StatementMeta(, 5bcdc2f2-6f46-48cd-a783-a02f29cd944b, 10, Finished, Available, Finished)

Successfully wrote sessionized data to Delta table: clinician_emr_sessions


Demo Point: Explain that this final table contains the valuable session insights derived from the raw logs.

#### Cell 7: Analyze/Query Session Data (SQL)

In [8]:
%%sql
-- Query the sessionized Delta table created previously
-- Use the table name defined in the Python variable `sessionized_output_table`

SELECT
    session_id,
    clinician_id,
    clinician_role,
    session_threshold_minutes,
    session_start_time,
    session_end_time,
    session_duration_seconds,
    (session_duration_seconds / 60.0) as session_duration_minutes, -- Calculate minutes
    event_count,
    event_types_in_session -- Show the list of events
FROM
    clinician_emr_sessions -- Reference the table directly
ORDER BY
    clinician_id, session_start_time;

-- Example Analysis: Average session duration per role
/*
SELECT
    clinician_role,
    AVG(session_duration_seconds / 60.0) as avg_session_duration_minutes,
    COUNT(*) as number_of_sessions
FROM
    clinician_emr_sessions
GROUP BY
    clinician_role
ORDER BY
    avg_session_duration_minutes DESC;
*/

StatementMeta(, 5bcdc2f2-6f46-48cd-a783-a02f29cd944b, 11, Finished, Available, Finished)

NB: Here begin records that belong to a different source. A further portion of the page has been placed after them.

lemma between_knots_iff:
  "(\<exists>j<length (knot_seq p S) - 1. knot_seq p S ! j < x \<and> x < knot_seq p S ! (j + 1)) \<longleftrightarrow>
    1 \<le> x \<and> x \<le> S \<and> x \<notin> set (knot_seq p S)"
proof -
  let ?s = "knot_seq p S"
  have bounds: "set ?s \<subseteq> {0..S+1}" "0 \<in> set ?s" "S + 1 \<in> set ?s"
    by (auto simp: knot_seq_facts(2) interior_knots_def)
  then have ne: "?s \<noteq> []" by auto
  have "hd ?s = 0"
    using sorted_hd_last_bounds(1)[OF knot_seq_facts(1) bounds(2)] by simp
  moreover have "last ?s = S + 1"
    using sorted_hd_last_bounds(2)[OF knot_seq_facts(1) bounds(3)] bounds(1) last_in_set[OF ne]
    by fastforce
  ultimately show ?thesis
    unfolding between_consecutive_iff[OF knot_seq_facts(1) ne] by auto
qed

lemma touch_points_iff:
  assumes "x \<le> S + 2"
  shows "x \<in> set (knot_seq p S) \<or> S < x \<or> 0 < D2 g x \<longleftrightarrow>
    x \<in> set (knot_seq p S) \<or> x = S + 2 \<or> (vec_knot g S x \<and>
      (\<exists>j < length (knot_seq p S) - 1. knot_seq p S ! j < x \<and> x < knot_seq p S ! (j + 1)))"
proof -
  have "0 \<in> set (knot_seq p S)" "S + 1 \<in> set (knot_seq p S)"
    by (auto simp: knot_seq_facts(2))
  then show ?thesis
    unfolding between_knots_iff vec_knot_def using assms
    by (cases "x = 0") (auto simp: le_Suc_eq)
qed

lemma CK_eq_cone: "CK p S = knot_cone.cone S (set (knot_seq p S))"
  unfolding CK_def knot_cone.cone_def convex_on_range_def Let_def
  using between_knots_iff[of p S] by auto

lemma Phi_eq_crit: "Phi U p S = knot_cone.crit S (Wproc U p)"
  by (simp add: fun_eq_iff Phi_def knot_cone.crit_def)

text \<open>Because U(0) = 0 the partial sums of W telescope to U(F(k)); hence the gap between
  Hhat g and H is the double cumulative sum of the residual g - W.\<close>

lemma Wproc_partial_sum: "U 0 = 0 \<Longrightarrow> (\<Sum>j\<le>k. Wproc U p j) = U (cdf p k)"
  by (induction k) (auto simp: Wproc_def)

lemma Hhat_minus_Hproc:
  "U 0 = 0 \<Longrightarrow> Hhat g x - Hproc U p x = Hhat (\<lambda>k. g k - Wproc U p k) x"
  by (simp add: Hhat_def Hproc_def sum_subtractf Wproc_partial_sum)

theorem theorem2:
  fixes p0 :: "nat \<Rightarrow> real" and S :: nat and U :: "real \<Rightarrow> real"
  assumes "1 \<le> S"
    and "convex_pmf_support p0 S"
    and "continuous_on {0..1} U" and "U 0 = 0" and "U 1 = 0"
  shows "(\<exists>!g. g \<in> CK p0 S \<and> (\<forall>h\<in>CK p0 S. Phi U p0 S g \<le> Phi U p0 S h))
    \<and> (\<forall>g\<in>CK p0 S.
         (\<forall>h\<in>CK p0 S. Phi U p0 S g \<le> Phi U p0 S h) \<longleftrightarrow>
         ((\<forall>x\<le>S+2. Hproc U p0 x \<le> Hhat g x) \<and>
          (\<forall>x\<le>S+2. (x \<in> set (knot_seq p0 S) \<or> x = S + 2 \<or>
                      (vec_knot g S x \<and>
                       (\<exists>j < length (knot_seq p0 S) - 1.
                          knot_seq p0 S ! j < x \<and> x < knot_seq p0 S ! (j + 1))))
                     \<longrightarrow> Hhat g x = Hproc U p0 x)))"
proof -
  interpret knot_cone S "set (knot_seq p0 S)" "Wproc U p0" .
  show ?thesis
    unfolding CK_eq_cone Phi_eq_crit
  proof (intro conjI ballI)
    show "\<exists>!g. g \<in> cone \<and> (\<forall>h\<in>cone. crit g \<le> crit h)"
      using minimizer_exists minimizer_unique by blast
  qed (simp only: minimizer_iff_Hhat Hhat_minus_Hproc[where U = U, OF \<open>U 0 = 0\<close>, symmetric]
      diff_ge_0_iff_ge right_minus_eq touch_points_iff cong: imp_cong)
qed

end
(* Let $n\ge 1$. For $\alpha=(a_n,\ldots,a_1)$ ranging over restricted sequences of length $n$, let $e'_\alpha\in V_n$ be the elements defined recursively below. Then $\{e'_\alpha\}$ is an orthogonal basis of $V_n$ for the Markov form, and more precisely: (i) $\langle e'_\alpha,e'_\alpha\rangle_n=\dfrac{\Delta_{a_n}}{\Delta_{a_n-1}}\cdots\dfrac{\Delta_{a_1}}{\Delta_{a_1-1}}$; (ii) if $\beta\neq\alpha$ are restricted sequences of length $n$, then $\langle e'_\beta,e'_\alpha\rangle_n=0$.
   Context: A non-crossing $n$-chord diagram is (the isotopy class of) a set of $n$ pairwise disjoint arcs in the closed upper half-plane with endpoints at $1,2,\ldots,2n$ on the real line; equivalently a non-crossing perfect matching of $\{1,\ldots,2n\}$. Let $D_n$ be the set of these ($D_0=\{\phi\}$, the empty diagram). For $1\le k\le 2n+1$, $l_k:D_n\to D_{n+1}$ inserts a new innermost arc: in matching terms, $l_k(\alpha)$ matches $k$ with $k+1$, and each old point $i$ becomes $i$ if $i<k$ and $i+2$ if $i\ge k$, with the old pairs kept. For $\alpha\in D_n$ ($n\ge1$) let $k_n$ be the smallest $k$ with $k$ matched to $k+1$ in $\alpha$, and let $\alpha'\in D_{n-1}$ be $\alpha$ with that arc removed (points renumbered order-preservingly), so $\alpha=l_{k_n}(\alpha')$. The restricted sequence of $\alpha$ is $(k_n,k_{n-1},\ldots,k_1)$ where $(k_{n-1},\ldots,k_1)$ is the restricted sequence of $\alpha'$ (the empty sequence for $\phi$). This gives a bijection between $D_n$ and restricted sequences of length $n$; write $e_{(a_n,\ldots,a_1)}$ for the diagram with restricted sequence $(a_n,\ldots,a_1)$. Let $q$ be an indeterminate and $V_n$ the $\mathbb{Q}(q)$-vector space with basis $D_n$; extend $l_k$ linearly. The Markov form $\langle\ ,\ \rangle_n$ on $V_n$ is the bilinear extension of $\langle\alpha,\beta\rangle_n=q^{c}$, where $c$ is the number of closed curves obtained by gluing $\alpha$ (in the upper half-plane) to the reflection of $\beta$ in the real axis (in the lower half-plane) along the common endpoints $1,\ldots,2n$. Chebyshev polynomials: $\Delta_{-1}=0$, $\Delta_0=1$, $\Delta_k=q\Delta_{k-1}-\Delta_{k-2}$ for $k\ge1$. The elements $e'_\alpha$: $e'_{(1)}=e_{(1)}$, and for a restricted sequence $(a_n,\ldots,a_1)$ with $n\ge2$, $e'_{(a_n,\ldots,a_1)}=l_{a_n}\big(e'_{(a_{n-1},\ldots,a_1)}\big)-\frac{\Delta_{a_n-2}}{\Delta_{a_n-1}}\,e'_{(a_n-1,a_{n-1},\ldots,a_1)}$ if $a_n\ge2$, and $e'_{(1,a_{n-1},\ldots,a_1)}=l_1\big(e'_{(a_{n-1},\ldots,a_1)}\big)$. *)

theory Defs
  imports "HOL-Computational_Algebra.Polynomial" "HOL-Computational_Algebra.Fraction_Field"
begin

type_synonym K = "rat poly fract"

definition qq :: K where "qq = Fract [:0, 1:] 1"

text \<open>Chebyshev polynomials Delta_k for k >= 0 (Delta_{-1} = 0 gives Delta_1 = q).\<close>
fun Delta :: "nat \<Rightarrow> K" where
  "Delta 0 = 1"
| "Delta (Suc 0) = qq"
| "Delta (Suc (Suc k)) = qq * Delta (Suc k) - Delta k"

text \<open>A chord diagram is represented by its set of arcs (i,j), i<j.\<close>
type_synonym diagram = "(nat \<times> nat) set"

definition D :: "nat \<Rightarrow> diagram set" where
  "D n = {\<alpha>. \<alpha> \<subseteq> {1..2*n} \<times> {1..2*n}
            \<and> (\<forall>(i,j)\<in>\<alpha>. i < j)
            \<and> (\<forall>x\<in>{1..2*n}. \<exists>!p. p \<in> \<alpha> \<and> (fst p = x \<or> snd p = x))
            \<and> (\<forall>(a,b)\<in>\<alpha>. \<forall>(c,d)\<in>\<alpha>. \<not> (a < c \<and> c < b \<and> b < d))}"

definition l :: "nat \<Rightarrow> diagram \<Rightarrow> diagram" where
  "l k \<alpha> = insert (k, Suc k)
     ((\<lambda>(i,j). (if i < k then i else i + 2, if j < k then j else j + 2)) ` \<alpha>)"

definition kmin :: "diagram \<Rightarrow> nat" where
  "kmin \<alpha> = (LEAST k. (k, Suc k) \<in> \<alpha>)"
(* Assume (A1)–(A4). There is a constant $K$ independent of $N$ such that $$\mathbb E\Big[\sup_{0\le t\le T}\big|\Phi(t,\bar x^{(N)}(t))-\Psi_N(t,\bar x^{(N)}(t))\big|^2\Big]\le\frac K{N^2}.$$
   Context: For each $N\ge1$: on a complete filtered probability space, $W^0,W_1,\dots,W_N$ are independent 1-d Brownian motions; filtration generated by them and an independent $\mathcal F_0$. Data (independent of $N$): $T>0$, real constants $A,B,Q,R,G,\sigma,\sigma_0$, $a,b,q,r,g:\mathbb R\to\mathbb R$; primes denote derivatives. (A1) $Q,R,G,\sigma\ge0$, $\sigma_0>0$, $R>0$; $a,b,q,r,g$ bounded $C^2$ with bounded first and second derivatives. (A2) $\xi_1,\dots,\xi_N$ i.i.d., $\mathcal F_0$-measurable, fixed common law with finite second moment. (A3) $\exists\varepsilon_0>0$: $|R+\tfrac12r''(v)+yb''(v)|\ge\varepsilon_0$ for all $v,y$. $\rho$: the $C^1$ function with bounded derivative with $R\rho(y)+\tfrac12r'(\rho(y))+(B+b'(\rho(y)))y=0$. $P\ge0$ solves $\dot P+2AP+Q-R^{-1}B^2P^2=0$, $P(T)=G$. (A4) $a'(v)P(t)\ge R^{-1}Bb'(v)P(t)^2$, $B^2+Bb'(v)\ge0$ for all $t,v$. $k(t,x,y):=\rho(P(t)x+y)$, $\tilde b(t,x,y):=b(k(t,x,y))$. For $\theta\ge0$ let $\mathcal L_\theta$ denote the PDE $\partial_tF+\partial_xF[Ax+a(x)+Bk(t,x,F)+\tilde b(t,x,F)]+P(t)[a(x)+R^{-1}B^2P(t)x+Bk(t,x,F)+\tilde b(t,x,F)+a'(x)x]+\tfrac12(\theta+\sigma_0^2)\partial_{xx}F+\tfrac12q'(x)+(A+a'(x))F=0$ on $[0,T)\times\mathbb R$, $F(T,x)=\tfrac12g'(x)$. $\Phi$ is the unique $C^{1,2}$ solution of $\mathcal L_0$ with bounded $\partial_x\Phi,\partial_{xx}\Phi$; $\Psi_N$ is the unique $C^{1,2}$ solution of $\mathcal L_{\sigma^2/N}$ with bounded $\partial_x\Psi_N,\partial_{xx}\Psi_N$. $\bar x^{(N)}$ is the forward component of the uniquely solvable FBSDE (HN): $d\bar x^{(N)}=\{A\bar x^{(N)}+a(\bar x^{(N)})+Bk(t,\bar x^{(N)},\psi)+\tilde b(t,\bar x^{(N)},\psi)\}dt+\frac{\sigma}{N}\sum_idW_i+\sigma_0dW^0$, $\bar x^{(N)}(0)=\frac1N\sum_i\xi_i$; $d\psi=-\{P(t)[a(\bar x^{(N)})+R^{-1}B^2P(t)\bar x^{(N)}+Bk(t,\bar x^{(N)},\psi)+\tilde b(t,\bar x^{(N)},\psi)+a'(\bar x^{(N)})\bar x^{(N)}]+\tfrac12q'(\bar x^{(N)})+(A+a'(\bar x^{(N)}))\psi\}dt+\sum_j\Upsilon_jdW_j+\Upsilon_0dW^0$, $\psi(T)=\tfrac12g'(\bar x^{(N)}(T))$; one has $\psi(t)=\Psi_N(t,\bar x^{(N)}(t))$. *)

theory Defs
  imports "HOL-Probability.Probability"
begin
theorem theorem4p13:
  fixes \<sigma> \<tau> :: "('x::finite) pp \<Rightarrow> 'x pp \<Rightarrow> bool"
    and I G\<sigma> G\<tau> :: "('x, rat) mpoly set"
  assumes "term_order \<sigma>" and "term_order \<tau>"
    and "is_ideal I" and "I \<noteq> {0}"
    and "is_reduced_GB \<sigma> I G\<sigma>" and "is_reduced_GB \<tau> I G\<tau>"
    and "good G\<sigma> CARD('p::prime_card)"
  shows "(good G\<tau> CARD('p) \<longrightarrow>
            O_tuple \<tau> (ideal_gen ((red_poly :: ('x, rat) mpoly \<Rightarrow> ('x, 'p mod_ring) mpoly) ` G\<sigma>))
              = O_tuple \<tau> I)
       \<and> (\<not> good G\<tau> CARD('p) \<longrightarrow>
            tuple_less \<tau> (O_tuple \<tau> (ideal_gen ((red_poly :: ('x, rat) mpoly \<Rightarrow> ('x, 'p mod_ring) mpoly) ` G\<sigma>)))
              (O_tuple \<tau> I)
          \<and> \<not> proper_prefix_of (O_tuple \<tau> I)
              (O_tuple \<tau> (ideal_gen ((red_poly :: ('x, rat) mpoly \<Rightarrow> ('x, 'p mod_ring) mpoly) ` G\<sigma>))))"
proof -
  let ?Ip = "ideal_gen ((red_poly :: ('x, rat) mpoly \<Rightarrow> ('x, 'p mod_ring) mpoly) ` G\<sigma>)"
  have "\<forall>g\<in>G\<sigma>. p_integral_poly CARD('p) g"
    using assms(7) good_imp_p_integral_poly by blast
  note setting = assms(1,2,3,5,6) this
  have good: "O_tuple \<tau> ?Ip = O_tuple \<tau> I" if "good G\<tau> CARD('p)"
    using LTs_red_ideal_eq_if_good[OF setting that] unfolding O_tuple_def min_gens_def by simp
  have bad: "tuple_less \<tau> (O_tuple \<tau> ?Ip) (O_tuple \<tau> I)
      \<and> \<not> proper_prefix_of (O_tuple \<tau> I) (O_tuple \<tau> ?Ip)"
    if bad_prime: "\<not> good G\<tau> CARD('p)"
  proof -
    have "finite G\<tau>"
      using assms(6) unfolding is_reduced_GB_def is_GB_def by blast
    then obtain gb where gb: "gb \<in> G\<tau>" "\<not> p_integral_poly CARD('p) gb"
      and least: "\<And>g. g \<in> G\<tau> \<Longrightarrow> \<not> p_integral_poly CARD('p) g \<Longrightarrow> \<tau> (lt \<tau> gb) (lt \<tau> g)"
      using least_not_p_integral_element[OF assms(2) _ bad_prime] by blast
    obtain s where "s \<in> LTs \<tau> ?Ip" "s \<notin> LTs \<tau> I" "(s, lt \<tau> gb) \<in> term_less \<tau>"
      using new_leading_term_below_bad[OF setting gb] by blast
    thus ?thesis
      using O_tuple_less_if_new_leading_term[OF assms(2,3)
          reduced_GB_lt_min_gens[OF assms(2,6) gb(1)] LTs_below_least_bad_subset[OF setting least]]
      by blast
  qed
  show ?thesis
    using good bad by blast
qed

end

<Spark SQL result set with 8 rows and 10 fields>

Demo Point: Use SQL to query the final session table. Show the details of individual sessions. Run the example aggregation query (commented out by default) to demonstrate analyzing session patterns (e.g., average duration by role). Discuss how this sessionized data is much more valuable for analysis than the raw event logs.